- _Given data_:
lemma convex_dual: "convex dual_polytope"
  unfolding convex_def
proof (intro ballI allI impI)
  fix x y :: "real^'n^'n" and u v :: real
  assume x: "x \<in> dual_polytope" and y: "y \<in> dual_polytope" and uv: "0 \<le> u" "0 \<le> v" "u + v = 1"
  show "u *\<^sub>R x + v *\<^sub>R y \<in> dual_polytope"
    unfolding dual_iff
  proof (intro conjI allI impI)
    show "nonneg_mat (u *\<^sub>R x + v *\<^sub>R y)" using x y uv by (auto simp: dual_iff nonneg_mat_def)
    fix \<sigma> :: "'n \<Rightarrow> 'n" assume \<sigma>: "\<sigma> permutes UNIV"
    have "(\<Sum>i\<in>UNIV. (u *\<^sub>R x + v *\<^sub>R y)$i$(\<sigma> i))
        = u * (\<Sum>i\<in>UNIV. x$i$(\<sigma> i)) + v * (\<Sum>i\<in>UNIV. y$i$(\<sigma> i))"
      by (simp add: sum.distrib sum_distrib_left)
    also have "\<dots> \<le> u * 1 + v * 1"
      using x y \<sigma> uv by (intro add_mono mult_left_mono) (auto simp: dual_iff)
    finally show "(\<Sum>i\<in>UNIV. (u *\<^sub>R x + v *\<^sub>R y)$i$(\<sigma> i)) \<le> 1" using uv by simp
  qed
qed
(* Let $B \in \mathbb{R}^{n \times m}$, $c \in \mathbb{R}^m_>$, and let $C = C_1 \times \cdots \times C_\ell \subseteq \mathbb{R}^m_>$ be a nonempty cone with cones $C_i \subseteq \mathbb{R}^{m_i}_>$, $m_1+\cdots+m_\ell=m$. With $P$, $L$, $M$, $I$, $d$ as in the context, let $M^*$ be any generalized inverse of $M$ ($MM^*M=M$) and $E = I M^*$. If $d = 0$, then \[ Z_c := \{x\in\mathbb{R}^n_> \mid (c\circ x^B)\in C\} = \{ (y\circ c^{-1})^E \mid y \in P\} \circ e^{L^\perp}; \] in particular, $Z_c \neq \emptyset$ for every $c \in \mathbb{R}^m_>$. Moreover, $Z_c$ consists of exactly one point if and only if $\dim P = 0$ and $\dim L^\perp = 0$.
   Context: Notation: for $x\in\mathbb{R}^n_>$, $y\in\mathbb{R}^n$, $x^y=\prod_i x_i^{y_i}$; for $Y=(y^1,\ldots,y^m)$, $(x^Y)_j=x^{y^j}$; $\circ$ is the componentwise product, $c^{-1}$ componentwise inverse, $S\circ e^{V}=\{s\circ e^v\mid s\in S, v\in V\}$. A cone is a set closed under positive scaling. The partition splits indices into $\ell$ consecutive classes, $B=(B_1\ \cdots\ B_\ell)$. $\Delta=\Delta_{m_1-1}\times\cdots\times\Delta_{m_\ell-1}$ with $\Delta_{m_i-1}=\{y\in\mathbb{R}^{m_i}_{\ge}\mid\sum_j y_j=1\}$; $P=C\cap\Delta$ (its dimension is that of its affine hull). $I_k=\begin{pmatrix}\mathrm{id}_{k-1}\\-1_{k-1}^{\mathsf T}\end{pmatrix}$, $I=\mathrm{diag}(I_{m_1},\ldots,I_{m_\ell})\in\mathbb{R}^{m\times(m-\ell)}$, $M=BI$, $L=\operatorname{im}M$, $d=\dim\ker M$. *)

theory Defs
  imports Complex_Main "Jordan_Normal_Form.Matrix_Kernel"
begin

(* The partition of the m indices into l consecutive classes is given by the list ms
   of class sizes [m_1,...,m_l]; m = sum_list ms, l = length ms. *)

definition pos_vecs :: "nat \<Rightarrow> real vec set" where
  "pos_vecs k = {x \<in> carrier_vec k. \<forall>i<k. x $ i > 0}"

definition is_cone :: "real vec set \<Rightarrow> bool" where
  "is_cone S \<longleftrightarrow> (\<forall>x\<in>S. \<forall>t::real. t > 0 \<longrightarrow> t \<cdot>\<^sub>v x \<in> S)"

definition had :: "real vec \<Rightarrow> real vec \<Rightarrow> real vec" where
  "had x y = vec (dim_vec x) (\<lambda>i. x $ i * y $ i)"

definition vinv :: "real vec \<Rightarrow> real vec" where
  "vinv c = map_vec inverse c"

definition vexp :: "real vec \<Rightarrow> real vec" where
  "vexp v = map_vec exp v"

definition vpow :: "real vec \<Rightarrow> real mat \<Rightarrow> real vec" where
  "vpow x Y = vec (dim_col Y) (\<lambda>j. \<Prod>i<dim_vec x. x $ i powr (Y $$ (i, j)))"

definition offset :: "nat list \<Rightarrow> nat \<Rightarrow> nat" where
  "offset ms i = sum_list (take i ms)"

definition block :: "nat list \<Rightarrow> real vec \<Rightarrow> nat \<Rightarrow> real vec" where
  "block ms y i = vec (ms ! i) (\<lambda>j. y $ (offset ms i + j))"

definition prod_set :: "nat list \<Rightarrow> (nat \<Rightarrow> real vec set) \<Rightarrow> real vec set" where
  "prod_set ms Cs = {y \<in> carrier_vec (sum_list ms). \<forall>i<length ms. block ms y i \<in> Cs i}"
theorem proposition1:
  fixes Vals :: "'v::finite \<Rightarrow> 'a set"
    and C C' :: "'v set set"
    and S :: "'v set \<Rightarrow> 'v set set"
    and \<theta> :: "'v set \<Rightarrow> ('v \<Rightarrow> 'a) \<Rightarrow> real"
    and lam :: "'v set \<Rightarrow> 'v set \<Rightarrow> ('v \<Rightarrow> 'a) \<Rightarrow> real"
    and c :: "'v set"
  assumes vals_fin: "\<And>i. finite (Vals i)"
    and vals_ne: "\<And>i. Vals i \<noteq> {}"
    and S_sub: "\<And>c'. c' \<in> C' \<Longrightarrow> S c' \<subseteq> Pow c'"
    and C_cov: "C \<subseteq> C' \<union> (\<Union>c'\<in>C'. S c')"
    and c_in: "c \<in> C'"
    and S_ne: "S c - {c} \<noteq> {}"
  shows "\<forall>\<mu>. g_c Vals C C' S \<theta> lam c (lam_star Vals C C' S \<theta> lam c)
             \<le> g_c Vals C C' S \<theta> lam c \<mu>"
proof
  fix \<mu>
  let ?T = "S c - {c}" and ?\<rho> = "\<lambda>s x. restrict x s" and ?Q = "\<lambda>s. PiE s Vals"
  let ?A = "cluster_potential C C' S \<theta> lam c" and ?B = "separator_potential C C' S \<theta> lam c"
  have fin: "\<And>s. finite (PiE s Vals)" and ne: "\<And>s. PiE s Vals \<noteq> {}"
    by (simp_all add: finite_PiE vals_fin PiE_eq_empty_iff vals_ne)
  have onto: "\<And>s. s \<in> ?T \<Longrightarrow> ?\<rho> s ` PiE c Vals = ?Q s"
    using S_sub[OF c_in] vals_ne by (intro image_restrict_PiE) auto
  have "g_c Vals C C' S \<theta> lam c (lam_star Vals C C' S \<theta> lam c)
          = dual_bound (PiE c Vals) ?T ?\<rho> ?Q ?A ?B (averaged_messages (PiE c Vals) ?T ?\<rho> ?A ?B)"
    by (simp add: g_c_eq_dual_bound lam_star_eq_averaged_messages[OF S_sub])
  also have "\<dots> \<le> Max ((\<lambda>x. ?A x + (\<Sum>s\<in>?T. ?B s (?\<rho> s x))) ` PiE c Vals)"
    using fin ne S_ne onto by (intro dual_bound_averaged_messages_le_Max) auto
  also have "\<dots> \<le> dual_bound (PiE c Vals) ?T ?\<rho> ?Q ?A ?B \<mu>"
  proof (rule Max_le_dual_bound)
    show "\<And>s x. s \<in> ?T \<Longrightarrow> x \<in> PiE c Vals \<Longrightarrow> ?\<rho> s x \<in> ?Q s"
      using onto by blast
  qed (use fin ne in auto)
  also have "\<dots> = g_c Vals C C' S \<theta> lam c \<mu>"
    by (simp add: g_c_eq_dual_bound)
  finally show "g_c Vals C C' S \<theta> lam c (lam_star Vals C C' S \<theta> lam c) \<le> g_c Vals C C' S \<theta> lam c \<mu>" .
qed

end
lemma card_deletion_positions_replicate:
  "card (deletion_positions (replicate n c) (replicate (Suc n) c)) = Suc n"
proof -
  have "delete_at i (replicate (Suc n) c) = replicate n c" if "i < Suc n" for i
    using delete_at_replicate[OF that] by simp
  then have "deletion_positions (replicate n c) (replicate (Suc n) c) = {0..<Suc n}"
    unfolding deletion_positions_def by auto
  then show ?thesis by simp
qed

lemma replicate_if_card_deletion_positions_eq_length:
  assumes "card (deletion_positions y x) = length x" "x \<noteq> []"
  shows "y = replicate (length x - 1) (hd x)"
proof -
  have "deletion_positions y x \<subseteq> {0..<length x}"
    by (auto simp: deletion_positions_def)
  then have all: "deletion_positions y x = {0..<length x}"
    using card_subset_eq[OF finite_atLeastLessThan] assms(1) by simp
  have y: "delete_at i x = y" if "i < length x" for i
  proof -
    have "i \<in> deletion_positions y x"
      using all that by simp
    then show ?thesis
      by (simp add: deletion_positions_def)
  qed
  have "x ! i = hd x" if "i < length x" for i
    using that
  proof (induction i)
    case 0
    then show ?case by (simp add: hd_conv_nth assms(2))
  next
    case (Suc i)
    then have "0 < length x" "Suc i < length x"
      by auto
    then have "delete_at 0 x = delete_at (Suc i) x"
      using y by metis
    then show ?case
      using Suc nth_eq_if_delete_at_eq[of 0 "Suc i" x] by simp
  qed
  then have x: "x = replicate (length x) (hd x)"
    by (simp add: list_eq_iff_nth_eq)
  have "y = delete_at 0 x"
    using y[of 0] assms(2) by simp
  also have "\<dots> = delete_at 0 (replicate (length x) (hd x))"
    by (rule arg_cong[OF x])
  also have "\<dots> = replicate (length x - 1) (hd x)"
    using assms(2) by (simp add: delete_at_replicate)
  finally show ?thesis .
qed
(* A dual complex number \<lambda> with non-real standard part factors as \<lambda> = |\<lambda>| \<Phi>\<^sup>*, where the
   dual modulus |\<lambda>| is a real, hence central and invertible, dual number and \<Phi> is the unit
   dual complex number occurring in Q (and its counterpart \<Psi> for \<mu> in P). Conjugating by
   x and y turns a q = p b into \<lambda> u = v \<mu> for the units u = x q y\<^sup>*, v = x p y\<^sup>*.
   Solvability forces \<lambda> \<lambda>\<^sup>* = \<mu> \<mu>\<^sup>*, hence |\<lambda>| = |\<mu>|; cancelling this central factor
   leaves \<Phi>\<^sup>* u = v \<Psi>\<^sup>*, whose unit solutions are u = \<Phi> m, v = m \<Psi> for an arbitrary
   unit m. *)

theory Submission
  imports Defs
begin

lemma qcnj_mult: "qcnj (p * q) = qcnj q * qcnj p"
  by (simp add: qcnj_def times_quat_def algebra_simps)

lemma qcnj_add: "qcnj (p + q) = qcnj p + qcnj q"
  by (simp add: qcnj_def plus_quat_def)

lemma dqcnj_mult: "dqcnj (p * q) = dqcnj q * dqcnj p"
  by (simp add: dqcnj_def times_dquat_def qcnj_mult qcnj_add add.commute)

lemma dqcnj_dqcnj [simp]: "dqcnj (dqcnj p) = p"
  by (simp add: dqcnj_def qcnj_def)

lemma unit_dq_mult: "unit_dq u \<Longrightarrow> unit_dq v \<Longrightarrow> unit_dq (u * v)"
  unfolding unit_dq_def dqcnj_mult by (metis mult.assoc mult_1_left)

lemma unit_dq_dqcnj: "unit_dq u \<Longrightarrow> unit_dq (dqcnj u)"
  unfolding unit_dq_def by simp

lemma unit_dq_cancel:
  assumes "unit_dq u"
  shows "u * dqcnj u = 1" "dqcnj u * u = 1" "u * (dqcnj u * z) = z" "dqcnj u * (u * z) = z"
    "z * u * dqcnj u = z" "z * dqcnj u * u = z"
  using assms unfolding unit_dq_def
  by (simp_all add: mult.assoc flip: mult.assoc[of u] mult.assoc[of "dqcnj u"])

lemma unit_dq_mult_left_cancel: "unit_dq u \<Longrightarrow> u * z = u * w \<longleftrightarrow> z = w"
  by (metis unit_dq_cancel(4))

lemma unit_dq_mult_right_cancel: "unit_dq u \<Longrightarrow> z * u = w * u \<longleftrightarrow> z = w"
  by (metis unit_dq_cancel(5))

lemma dual_complex_mult:
  "dual_complex a b * dual_complex c d = dual_complex (a * c) (a * d + b * c)"
  by (simp add: dual_complex_def times_dquat_def quat_of_complex_def times_quat_def plus_quat_def)

lemma dual_complex_one: "1 = dual_complex 1 0"
  by (simp add: dual_complex_def one_dquat_def quat_of_complex_def one_quat_def zero_quat_def)

lemma one_minus_dual_complex: "1 - dual_complex 0 z = dual_complex 1 (- z)"
  by (simp add: dual_complex_def one_dquat_def minus_dquat_def quat_of_complex_def one_quat_def
      zero_quat_def minus_quat_def)

lemma dqcnj_dual_complex: "dqcnj (dual_complex a b) = dual_complex (cnj a) (cnj b)"
  by (simp add: dual_complex_def dqcnj_def quat_of_complex_def qcnj_def)

lemma dual_complex_eq_iff: "dual_complex a b = dual_complex c d \<longleftrightarrow> a = c \<and> b = d"
  by (auto simp add: dual_complex_def quat_of_complex_def complex_eq_iff)

lemma dual_complex_commute:
  "dual_complex a b * dual_complex c d = dual_complex c d * dual_complex a b"
  by (simp add: dual_complex_mult algebra_simps)

lemma dual_complex_of_real_commute:
  "dual_complex (of_real r) (of_real s) * z = z * dual_complex (of_real r) (of_real s)"
  by (cases z) (simp add: dual_complex_def times_dquat_def quat_of_complex_def times_quat_def
     plus_quat_def algebra_simps quat.expand)

lemma unit_dq_dual_complex:
  assumes "cnj u * u = 1" "cnj u * v + cnj v * u = 0"
  shows "unit_dq (dual_complex u v)"
  unfolding unit_dq_def dqcnj_dual_complex dual_complex_mult dual_complex_one
  using assms by (simp add: algebra_simps)

definition dual_modulus :: "complex \<Rightarrow> complex \<Rightarrow> dquat" where
  "dual_modulus l l' = dual_complex (cmod l) (Re (l' * cnj l) / cmod l)"

definition dual_phase_inv :: "complex \<Rightarrow> complex \<Rightarrow> dquat" where
  "dual_phase_inv l l' = dual_complex (cnj l / of_real (cmod l)) 0
     * (1 - dual_complex 0 (\<i> * of_real (Im (l' * cnj l / of_real ((cmod l)\<^sup>2)))))"

lemma dual_phase_inv_altdef:
  "(1 - dual_complex 0 (\<i> * of_real (Im (l' * cnj l / of_real ((cmod l)\<^sup>2)))))
     * dual_complex (cnj l / of_real (cmod l)) 0 = dual_phase_inv l l'"
  unfolding dual_phase_inv_def one_minus_dual_complex by (rule dual_complex_commute)

lemma unit_dq_dual_phase_inv:
  assumes "l \<noteq> 0"
  shows "unit_dq (dual_phase_inv l l')"
proof -
  have "unit_dq (dual_complex (cnj l / of_real (cmod l)) 0)"
    by (rule unit_dq_dual_complex)
      (use assms in \<open>simp_all add: field_simps complex_norm_square[symmetric] power2_eq_square\<close>)
  moreover have "unit_dq (1 - dual_complex 0 (\<i> * of_real s))" for s
    unfolding one_minus_dual_complex by (rule unit_dq_dual_complex) (simp_all add: complex_eq_iff)
  ultimately show ?thesis
    unfolding dual_phase_inv_def by (rule unit_dq_mult)
qed

lemma complex_mult_cnj_div_cmod: "l \<noteq> 0 \<Longrightarrow> l * cnj l / of_real (cmod l) = of_real (cmod l)"
  by (simp add: field_simps complex_norm_square[symmetric] power2_eq_square)

lemma dual_complex_mult_dual_phase_inv:
  assumes "l \<noteq> 0"
  shows "dual_complex l l' * dual_phase_inv l l' = dual_modulus l l'"
proof -
  define n where "n = cmod l"
  define w where "w = l' * cnj l"
  have "n > 0" using assms by (simp add: n_def)
  have "of_real n * - (\<i> * of_real (Im (w / of_real (n\<^sup>2)))) + w / of_real n
      = (w - \<i> * of_real (Im w)) / of_real n"
    using \<open>n > 0\<close> by (simp add: field_simps power2_eq_square)
  also have "w - \<i> * of_real (Im w) = of_real (Re w)"
    by (simp add: complex_eq_iff)
  finally have dual_part: "of_real n * - (\<i> * of_real (Im (w / of_real (n\<^sup>2)))) + w / of_real n
      = of_real (Re w / n)" by simp
  show ?thesis
    unfolding dual_phase_inv_def dual_modulus_def one_minus_dual_complex dual_complex_mult
      dual_complex_eq_iff
    by (simp only: mult_1_right mult_zero_left mult_zero_right add_0_left add_0_right
        mult.assoc[symmetric] times_divide_eq_right simp_thms
        complex_mult_cnj_div_cmod[OF assms] dual_part[unfolded n_def w_def])
qed

lemma dual_modulus_commute: "dual_modulus l l' * z = z * dual_modulus l l'"
  unfolding dual_modulus_def by (rule dual_complex_of_real_commute)

lemma dual_modulus_mult_left_cancel:
  assumes "l \<noteq> 0" and "dual_modulus l l' * z = dual_modulus l l' * w"
  shows "z = w"
proof -
  define n where "n = cmod l"
  define s where "s = Re (l' * cnj l) / n"
  have "n \<noteq> 0" using assms(1) by (simp add: n_def)
  have "dual_complex (of_real (1 / n)) (of_real (- s / n\<^sup>2)) * dual_modulus l l' = 1"
    using \<open>n \<noteq> 0\<close> unfolding dual_modulus_def dual_complex_mult dual_complex_one n_def s_def
    by (simp add: field_simps power2_eq_square flip: of_real_mult of_real_add)
  then show ?thesis
    using assms(2) by (metis mult.assoc mult_1_left)
qed

lemma dual_complex_mult_dqcnj:
  "dual_complex l l' * dqcnj (dual_complex l l')
     = dual_complex (of_real ((cmod l)\<^sup>2)) (of_real (2 * Re (l' * cnj l)))"
proof -
  have "l * cnj l' + l' * cnj l = of_real (2 * Re (l' * cnj l))"
    by (simp add: complex_eq_iff algebra_simps)
  then show ?thesis
    unfolding dqcnj_dual_complex dual_complex_mult complex_norm_square by simp
qed

(* The modulus is determined by \<lambda> \<lambda>\<^sup>*, a real (hence central) dual number, which
   unit factors on either side therefore do not change. *)
lemma dual_modulus_eq_if_similar:
  assumes "unit_dq u" "unit_dq v" and "dual_complex l l' * u = v * dual_complex m m'"
  shows "dual_modulus l l' = dual_modulus m m'"
proof -
  let ?L = "dual_complex l l'" and ?M = "dual_complex m m'"
  have "?L * dqcnj ?L = (?L * u) * dqcnj (?L * u)"
    by (simp add: dqcnj_mult mult.assoc unit_dq_cancel[OF assms(1)])
  also have "\<dots> = v * (?M * dqcnj ?M) * dqcnj v"
    by (simp add: assms(3) dqcnj_mult mult.assoc)
  also have "\<dots> = ?M * dqcnj ?M"
    by (simp only: dual_complex_mult_dqcnj mult.assoc dual_complex_of_real_commute[of _ _ "dqcnj v"]
        unit_dq_cancel[OF assms(2)])
  finally have "(cmod l)\<^sup>2 = (cmod m)\<^sup>2 \<and> Re (l' * cnj l) = Re (m' * cnj m)"
    unfolding dual_complex_mult_dqcnj dual_complex_eq_iff of_real_eq_iff by simp
  then show ?thesis
    unfolding dual_modulus_def by simp
qed

definition unit_solutions :: "dquat \<Rightarrow> dquat \<Rightarrow> (dquat \<times> dquat) set" where
  "unit_solutions a b = {(q, p). unit_dq q \<and> unit_dq p \<and> a * q = p * b}"

lemma unit_solutions_if_polar:
  assumes "unit_dq \<Phi>" "unit_dq \<Psi>" and "L * \<Phi> = N" "M * \<Psi> = N"
    and central: "\<And>z. N * z = z * N" and cancel: "\<And>z w. N * z = N * w \<Longrightarrow> z = w"
  shows "unit_solutions L M = {(\<Phi> * m, m * \<Psi>) | m. unit_dq m}"
proof -
  have L: "L = N * dqcnj \<Phi>" and M: "M = dqcnj \<Psi> * N"
    using assms(3,4) unit_dq_cancel[OF assms(1)] unit_dq_cancel[OF assms(2)] central by metis+
  have reduced: "L * u = v * M \<longleftrightarrow> dqcnj \<Phi> * u = v * dqcnj \<Psi>" for u v
    unfolding L M using cancel by (metis central mult.assoc)
  show ?thesis
    unfolding unit_solutions_def
  proof (intro set_eqI iffI)
    fix uv assume "uv \<in> {(u, v). unit_dq u \<and> unit_dq v \<and> L * u = v * M}"
    then obtain u v where uv: "uv = (u, v)" "unit_dq u" "unit_dq v" "dqcnj \<Phi> * u = v * dqcnj \<Psi>"
      using reduced by blast
    have "u = \<Phi> * (dqcnj \<Phi> * u)"
      using unit_dq_cancel[OF assms(1)] by simp
    moreover have "v = dqcnj \<Phi> * u * \<Psi>"
      using uv(4) unit_dq_cancel[OF assms(2)] by simp
    moreover have "unit_dq (dqcnj \<Phi> * u)"
      by (intro unit_dq_mult unit_dq_dqcnj assms(1) uv(2))
    ultimately show "uv \<in> {(\<Phi> * m, m * \<Psi>) | m. unit_dq m}"
      using uv(1) by blast
  next
    fix uv assume "uv \<in> {(\<Phi> * m, m * \<Psi>) | m. unit_dq m}"
    then obtain m where "uv = (\<Phi> * m, m * \<Psi>)" "unit_dq m" by blast
    moreover have "dqcnj \<Phi> * (\<Phi> * m) = m * \<Psi> * dqcnj \<Psi>"
      using unit_dq_cancel[OF assms(1)] unit_dq_cancel[OF assms(2)] by simp
    ultimately show "uv \<in> {(u, v). unit_dq u \<and> unit_dq v \<and> L * u = v * M}"
      using reduced assms(1,2) by (auto intro: unit_dq_mult)
  qed
qed

lemma unit_conj_eq_iff:
  assumes "unit_dq x" "unit_dq y"
  shows "dqcnj x * L * x * q = p * (dqcnj y * M * y)
    \<longleftrightarrow> L * (x * q * dqcnj y) = x * p * dqcnj y * M"
proof -
  have "dqcnj x * L * x * q = p * (dqcnj y * M * y)
    \<longleftrightarrow> x * (dqcnj x * L * x * q) * dqcnj y = x * (p * (dqcnj y * M * y)) * dqcnj y"
    using unit_dq_mult_left_cancel[OF assms(1)] unit_dq_mult_right_cancel[OF unit_dq_dqcnj[OF assms(2)]]
    by simp
  also have "\<dots> \<longleftrightarrow> L * (x * q * dqcnj y) = x * p * dqcnj y * M"
    by (simp add: mult.assoc unit_dq_cancel[OF assms(1)] unit_dq_cancel[OF assms(2)])
  finally show ?thesis .
qed

lemma unit_solutions_conj:
  assumes "unit_dq x" "unit_dq y"
  shows "unit_solutions (dqcnj x * L * x) (dqcnj y * M * y)
    = (\<lambda>(u, v). (dqcnj x * u * y, dqcnj x * v * y)) ` unit_solutions L M"
  unfolding unit_solutions_def
proof (intro set_eqI iffI)
  fix qp assume "qp \<in> {(q, p). unit_dq q \<and> unit_dq p \<and> dqcnj x * L * x * q = p * (dqcnj y * M * y)}"
  then obtain q p where "qp = (q, p)" "unit_dq q" "unit_dq p"
      "L * (x * q * dqcnj y) = x * p * dqcnj y * M"
    using unit_conj_eq_iff[OF assms] by blast
  moreover have "q = dqcnj x * (x * q * dqcnj y) * y" "p = dqcnj x * (x * p * dqcnj y) * y"
    by (simp_all add: mult.assoc unit_dq_cancel[OF assms(1)] unit_dq_cancel[OF assms(2)])
  ultimately show "qp \<in> (\<lambda>(u, v). (dqcnj x * u * y, dqcnj x * v * y))
      ` {(u, v). unit_dq u \<and> unit_dq v \<and> L * u = v * M}"
    using assms by (force intro: unit_dq_mult unit_dq_dqcnj)
next
  fix qp assume "qp \<in> (\<lambda>(u, v). (dqcnj x * u * y, dqcnj x * v * y))
      ` {(u, v). unit_dq u \<and> unit_dq v \<and> L * u = v * M}"
  then obtain u v where "qp = (dqcnj x * u * y, dqcnj x * v * y)" "unit_dq u" "unit_dq v" "L * u = v * M"
    by auto
  moreover have "x * (dqcnj x * u * y) * dqcnj y = u" "x * (dqcnj x * v * y) * dqcnj y = v"
    by (simp_all add: mult.assoc unit_dq_cancel[OF assms(1)] unit_dq_cancel[OF assms(2)])
  ultimately show "qp \<in> {(q, p). unit_dq q \<and> unit_dq p \<and> dqcnj x * L * x * q = p * (dqcnj y * M * y)}"
    using assms by (simp add: unit_conj_eq_iff unit_dq_mult unit_dq_dqcnj)
qed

- _Work instruction_: In the data above, find the line with "unfolding dual_modulus_def by (rule" and the line with "assms(1) by (simp add: n_def)". Retype both, plus every line between them, exactly.

- _Task output_:
  unfolding dual_modulus_def by (rule dual_complex_of_real_commute)

lemma dual_modulus_mult_left_cancel:
  assumes "l \<noteq> 0" and "dual_modulus l l' * z = dual_modulus l l' * w"
  shows "z = w"
proof -
  define n where "n = cmod l"
  define s where "s = Re (l' * cnj l) / n"
  have "n \<noteq> 0" using assms(1) by (simp add: n_def)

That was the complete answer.